On Fri, Dec 22, 2017 at 12:06 PM, Martin Perina <mperina@redhat.com> wrote:



Only problem I registered was the first start of engine on the first upgraded host (that should be step 7 in link above), where I got error on engine (not able to access web admin portal); I see this in server.log 

2017-12-22 00:40:17,674+01 INFO  [org.quartz.core.QuartzScheduler] (ServerService Thread Pool -- 63) Scheduler DefaultQuartzScheduler_$_NON_CLUSTERED started.
2017-12-22 00:40:17,682+01 INFO  [org.jboss.as.clustering.infinispan] (ServerService Thread Pool -- 63) WFLYCLINF0002: Started timeout-base cache from ovirt-engine container
2017-12-22 00:44:28,611+01 ERROR [org.jboss.as.controller.management-operation] (Controller Boot Thread) WFLYCTL0348: Timeout after [300] seconds waiting for service container stability. Operation will roll back. Step that first updated the service container was 'add' at address '[
    ("core-service" => "management"),
    ("management-interface" => "native-interface")
]'

Adding Vaclav, maybe something in Wildfly? Martin, any hint on engine side?

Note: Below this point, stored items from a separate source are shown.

definition closed_op :: "(nat \<Rightarrow> complex) set \<Rightarrow> (nat \<Rightarrow> complex) set
    \<Rightarrow> ((nat \<Rightarrow> complex) \<Rightarrow> (nat \<Rightarrow> complex)) \<Rightarrow> bool" where
  "closed_op X D T \<longleftrightarrow>
     (\<forall>xs x y. (\<forall>i. xs i \<in> D) \<longrightarrow> x \<in> X \<longrightarrow> y \<in> X \<longrightarrow>
        (\<lambda>i. l2norm (xs i - x)) \<longlonglongrightarrow> 0 \<longrightarrow> (\<lambda>i. l2norm (T (xs i) - y)) \<longlonglongrightarrow> 0 \<longrightarrow>
        x \<in> D \<and> T x = y)"

definition linear_op :: "(nat \<Rightarrow> complex) set \<Rightarrow> (nat \<Rightarrow> complex) set
    \<Rightarrow> ((nat \<Rightarrow> complex) \<Rightarrow> (nat \<Rightarrow> complex)) \<Rightarrow> bool" where
  "linear_op X D T \<longleftrightarrow> D \<subseteq> X \<and> T ` D \<subseteq> X \<and>
     (\<forall>x\<in>D. \<forall>y\<in>D. \<forall>c::complex. (\<lambda>k. x k + c * y k) \<in> D \<and>
         T (\<lambda>k. x k + c * y k) = (\<lambda>k. T x k + c * T y k))"

definition chaotic :: "(nat \<Rightarrow> complex) set \<Rightarrow> (nat \<Rightarrow> complex) set
    \<Rightarrow> ((nat \<Rightarrow> complex) \<Rightarrow> (nat \<Rightarrow> complex)) \<Rightarrow> bool" where
  "chaotic X D T \<longleftrightarrow>
     linear_op X D T \<and> dense_in D X \<and>
     (\<forall>n\<ge>1. closed_op X (pow_dom D T n) (T ^^ n)) \<and>
     (\<exists>\<phi>. (\<forall>n\<ge>1. \<phi> \<in> pow_dom D T n) \<and> dense_in (range (\<lambda>n. (T ^^ n) \<phi>)) X) \<and>
     dense_in {\<phi>\<in>X. \<exists>j\<ge>1. \<phi> \<in> pow_dom D T j \<and> (T ^^ j) \<phi> = \<phi>} X"

end

theory Submission
  imports Defs "HOL-Library.Discrete_Functions" "HOL-Library.Countable" "HOL-Library.Infinite_Set"
begin

text \<open>Every weight satisfies omega_j^2 >= j + 1, so a product of d consecutive weights is at
least sqrt (d!), which beats every geometric sequence. Hence a finitely supported vector v can be
moved d places to the right and divided by the corresponding product of weights: H^d brings this
copy back to v, while the copy itself has tiny norm. Repeating v every N coordinates in this way
gives an N-periodic point close to v; putting the n-th vector of an enumeration of the rational
finitely supported vectors into the block of coordinates [n^2, n^2 + n) gives a vector whose orbit
comes close to each of them, because the later blocks are still small after applying H^(n^2).
The powers H^n are closed since l2 convergence implies coordinatewise convergence, and the
maximal domain of H^n consists of the x with x and H^n x in B_p: as all weights are at least 1,
the lower powers H^j x are dominated by a shift of H^n x.\<close>

section \<open>Square-summable sequences\<close>

lemma power2_sum_le: "((x::real) + y)\<^sup>2 \<le> 2 * x\<^sup>2 + 2 * y\<^sup>2"
  using sum_squares_bound[of x y] by (simp add: power2_eq_square algebra_simps)

lemma l2_comparison:
  assumes "\<And>k. (cmod (a k))\<^sup>2 \<le> f k" "f sums s"
  shows "a \<in> l2" "l2norm a \<le> sqrt s"
proof -
  have "summable (\<lambda>k. (cmod (a k))\<^sup>2)"
    using summable_comparison_test'[of f 0 "\<lambda>k. (cmod (a k))\<^sup>2"] assms by (force simp: sums_iff)
  then show "a \<in> l2" by (simp add: l2_def)
  have "(\<Sum>k. (cmod (a k))\<^sup>2) \<le> s"
    using sums_le[OF _ summable_sums[OF \<open>summable _\<close>] assms(2)] assms(1) by blast
  then show "l2norm a \<le> sqrt s" by (simp add: l2norm_def)
qed

lemma sums_l2norm_sq: "a \<in> l2 \<Longrightarrow> (\<lambda>k. (cmod (a k))\<^sup>2) sums (l2norm a)\<^sup>2"
  by (simp add: l2_def l2norm_def summable_sums suminf_nonneg)

lemma l2_add_scaled:
  assumes "a \<in> l2" "b \<in> l2"
  shows "(\<lambda>k. a k + c * b k) \<in> l2"
proof (rule l2_comparison)
  have "cmod (a k + c * b k) \<le> cmod (a k) + cmod c * cmod (b k)" for k
    by (metis norm_mult norm_triangle_ineq)
  then have "(cmod (a k + c * b k))\<^sup>2 \<le> (cmod (a k) + cmod c * cmod (b k))\<^sup>2" for k
    by (simp add: power_mono)
  also have "\<dots> k \<le> 2 * (cmod (a k))\<^sup>2 + 2 * (cmod c)\<^sup>2 * (cmod (b k))\<^sup>2" for k
    using power2_sum_le[of "cmod (a k)" "cmod c * cmod (b k)"] by (simp add: power_mult_distrib)
  finally show
      "(cmod (a k + c * b k))\<^sup>2 \<le> 2 * (cmod (a k))\<^sup>2 + 2 * (cmod c)\<^sup>2 * (cmod (b k))\<^sup>2"
    for k .
  show "(\<lambda>k. 2 * (cmod (a k))\<^sup>2 + 2 * (cmod c)\<^sup>2 * (cmod (b k))\<^sup>2)
      sums (2 * (l2norm a)\<^sup>2 + 2 * (cmod c)\<^sup>2 * (l2norm b)\<^sup>2)"
    using assms by (intro sums_add sums_mult sums_l2norm_sq)
qed

lemma l2_diff: "a \<in> l2 \<Longrightarrow> b \<in> l2 \<Longrightarrow> a - b \<in> l2"
  using l2_add_scaled[of a b "-1"] by (simp add: fun_diff_def)

lemma l2norm_diff_le:
  assumes "x \<in> l2" "y \<in> l2" "z \<in> l2"
  shows "l2norm (x - z) \<le> sqrt (2 * (l2norm (x - y))\<^sup>2 + 2 * (l2norm (y - z))\<^sup>2)"
proof (rule l2_comparison(2))
  show "(cmod ((x - z) k))\<^sup>2 \<le> 2 * (cmod ((x - y) k))\<^sup>2 + 2 * (cmod ((y - z) k))\<^sup>2" for k
  proof -
    have "cmod ((x - z) k) \<le> cmod ((x - y) k) + cmod ((y - z) k)"
      using norm_triangle_ineq[of "x k - y k" "y k - z k"] by simp
    then have "(cmod ((x - z) k))\<^sup>2 \<le> (cmod ((x - y) k) + cmod ((y - z) k))\<^sup>2"
      by (simp add: power_mono)
    then show ?thesis using power2_sum_le[of "cmod ((x - y) k)" "cmod ((y - z) k)"] by linarith
  qed
  show "(\<lambda>k. 2 * (cmod ((x - y) k))\<^sup>2 + 2 * (cmod ((y - z) k))\<^sup>2)
      sums (2 * (l2norm (x - y))\<^sup>2 + 2 * (l2norm (y - z))\<^sup>2)"
    using assms by (intro sums_add sums_mult sums_l2norm_sq l2_diff)
qed

lemma norm_le_l2norm: "a \<in> l2 \<Longrightarrow> cmod (a k) \<le> l2norm a"
proof -
  assume "a \<in> l2"
  then have "(\<Sum>j\<in>{k}. (cmod (a j))\<^sup>2) \<le> (\<Sum>j. (cmod (a j))\<^sup>2)"
    unfolding l2_def by (intro sum_le_suminf) auto
  then show ?thesis unfolding l2norm_def by (simp add: real_le_rsqrt)
qed

lemma tendsto_coord_if_l2norm_tendsto:
  assumes "\<And>i. xs i \<in> l2" "x \<in> l2" "(\<lambda>i. l2norm (xs i - x)) \<longlonglongrightarrow> 0"
  shows "(\<lambda>i. xs i k) \<longlonglongrightarrow> x k"
proof -
  have "norm (xs i k - x k) \<le> l2norm (xs i - x)" for i
    using norm_le_l2norm[OF l2_diff[OF assms(1,2)], of i k] by simp
  then have "(\<lambda>i. norm (xs i k - x k)) \<longlonglongrightarrow> 0"
    by (intro tendsto_sandwich[OF _ _ tendsto_const assms(3)]) auto
  then have "(\<lambda>i. xs i k - x k) \<longlonglongrightarrow> 0" by (rule tendsto_norm_zero_cancel)
  then show ?thesis by (simp add: LIM_zero_iff)
qed

lemma summable_geometric_shifted: "summable (\<lambda>k. C * ((1::real)/2)^(k - p))"
  using summable_iff_shift[of "\<lambda>k. C * ((1::real)/2)^(k - p)" p]
  by (simp add: summable_geometric)

lemma l2norm_le_geometric_tail:
  assumes "\<And>k. k < p + M \<Longrightarrow> a k = 0" "\<And>k. p + M \<le> k \<Longrightarrow> (cmod (a k))\<^sup>2 \<le> C * (1/2)^(k - p)"
  shows "l2norm a \<le> sqrt (2 * C * (1/2)^M)"
proof (rule l2_comparison(2))
  define f where "f k = (if p + M \<le> k then C * (1/2)^(k - p) else (0::real))" for k
  show "(cmod (a k))\<^sup>2 \<le> f k" for k
    using assms by (cases "p + M \<le> k") (auto simp: f_def)
  have "(\<lambda>i. f (i + (p + M))) = (\<lambda>i. (C * (1/2)^M) * (1/2)^i)"
    by (auto simp: f_def power_add)
  moreover have "(\<lambda>i. (C * (1/2)^M) * ((1::real)/2)^i) sums (2 * C * (1/2)^M)"
    using sums_mult[OF geometric_sums[of "1/2::real"], of "C * (1/2)^M"] by (simp add: ac_simps)
  ultimately have "(\<lambda>i. f (i + (p + M))) sums (2 * C * (1/2)^M)" by simp
  moreover have "(\<Sum>i<p + M. f i) = 0" by (simp add: f_def)
  ultimately show "f sums (2 * C * (1/2)^M)"
    using sums_iff_shift[of f "p + M"] by simp
qed

lemma Bp_if_geometric_bound:
  assumes "\<And>k. k < p \<Longrightarrow> a k = 0" "\<And>k. K \<le> k \<Longrightarrow> (cmod (a k))\<^sup>2 \<le> C * (1/2)^(k - p)"
  shows "a \<in> Bp p"
proof -
  have "summable (\<lambda>k. (cmod (a k))\<^sup>2)"
    using assms(2) by (intro summable_comparison_test[OF _ summable_geometric_shifted]) auto
  then show ?thesis using assms(1) by (simp add: Bp_def l2_def)
qed

lemma Bp_add_scaled: "a \<in> Bp p \<Longrightarrow> b \<in> Bp p \<Longrightarrow> (\<lambda>k. a k + c * b k) \<in> Bp p"
  using l2_add_scaled unfolding Bp_def by auto

section \<open>Density of finitely supported rational vectors\<close>

definition rat_complex :: "rat \<times> rat \<Rightarrow> complex" where
  "rat_complex q = Complex (of_rat (fst q)) (of_rat (snd q))"

definition rat_vec :: "nat \<Rightarrow> (rat \<times> rat) list \<Rightarrow> nat \<Rightarrow> complex" where
  "rat_vec p xs k = (if p \<le> k \<and> k - p < length xs then rat_complex (xs ! (k - p)) else 0)"

lemma rat_complex_dense:
  assumes "0 < d" shows "\<exists>q. cmod (z - rat_complex q) < d"
proof -
  have "\<exists>q. \<bar>x - of_rat q\<bar> < d / 2" for x
  proof -
    obtain r where "r \<in> \<rat>" "x - d / 2 < r" "r < x + d / 2"
      using Rats_dense_in_real[of "x - d / 2" "x + d / 2"] assms by auto
    then obtain q where "x - d / 2 < of_rat q" "of_rat q < x + d / 2" by (auto elim: Rats_cases)
    then show ?thesis by (intro exI[of _ q]) (auto simp: abs_if)
  qed
  then obtain q1 q2 where "\<bar>Re z - of_rat q1\<bar> < d / 2" "\<bar>Im z - of_rat q2\<bar> < d / 2"
    by blast
  moreover have "cmod (z - rat_complex (q1, q2))
      \<le> \<bar>Re (z - rat_complex (q1, q2))\<bar> + \<bar>Im (z - rat_complex (q1, q2))\<bar>"
    by (rule cmod_le)
  ultimately have "cmod (z - rat_complex (q1, q2)) < d" by (simp add: rat_complex_def)
  then show ?thesis by blast
qed

lemma norm_rat_vec_le: "cmod (rat_vec p xs k) \<le> (\<Sum>q\<leftarrow>xs. cmod (rat_complex q))"
  by (auto simp: rat_vec_def intro!: member_le_sum_list sum_list_nonneg)

lemma rat_vec_Bp: "rat_vec p xs \<in> Bp p"
  by (rule Bp_if_geometric_bound[where K = "p + length xs" and C = 0]) (auto simp: rat_vec_def)

lemma l2norm_nonneg: "a \<in> l2 \<Longrightarrow> 0 \<le> l2norm a"
  by (rule order_trans[OF norm_ge_zero norm_le_l2norm])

​Yeah, I've already seen such error a few times, it usually happens when access to storage is really slow or the host itself is overloaded and WildFly is not able to startup properly until default 300 seconds interval​ is over.

If this is going to happen often, we will have to raise that timeout for all installations.


Ok, thanks for the confirmation of what I suspected.
Actually this particular environment is based on a single NUC where I have ESXi 6.0U2 and the 3 hosts are actually VMs of this vSphere environment, so that the hosted engine is an L2 VM
And the replica 3 (with arbiter) of the hosts insists at the end on a single physical SSD disk below...
All in all it is already a great success that this kind of infrastructure has been able to update from 4.1 to 4.2... I use it basically as a functional testing and btw on vSphere there is also another CentOS 7 VM running ;-)
 
Thanks,
Gianluca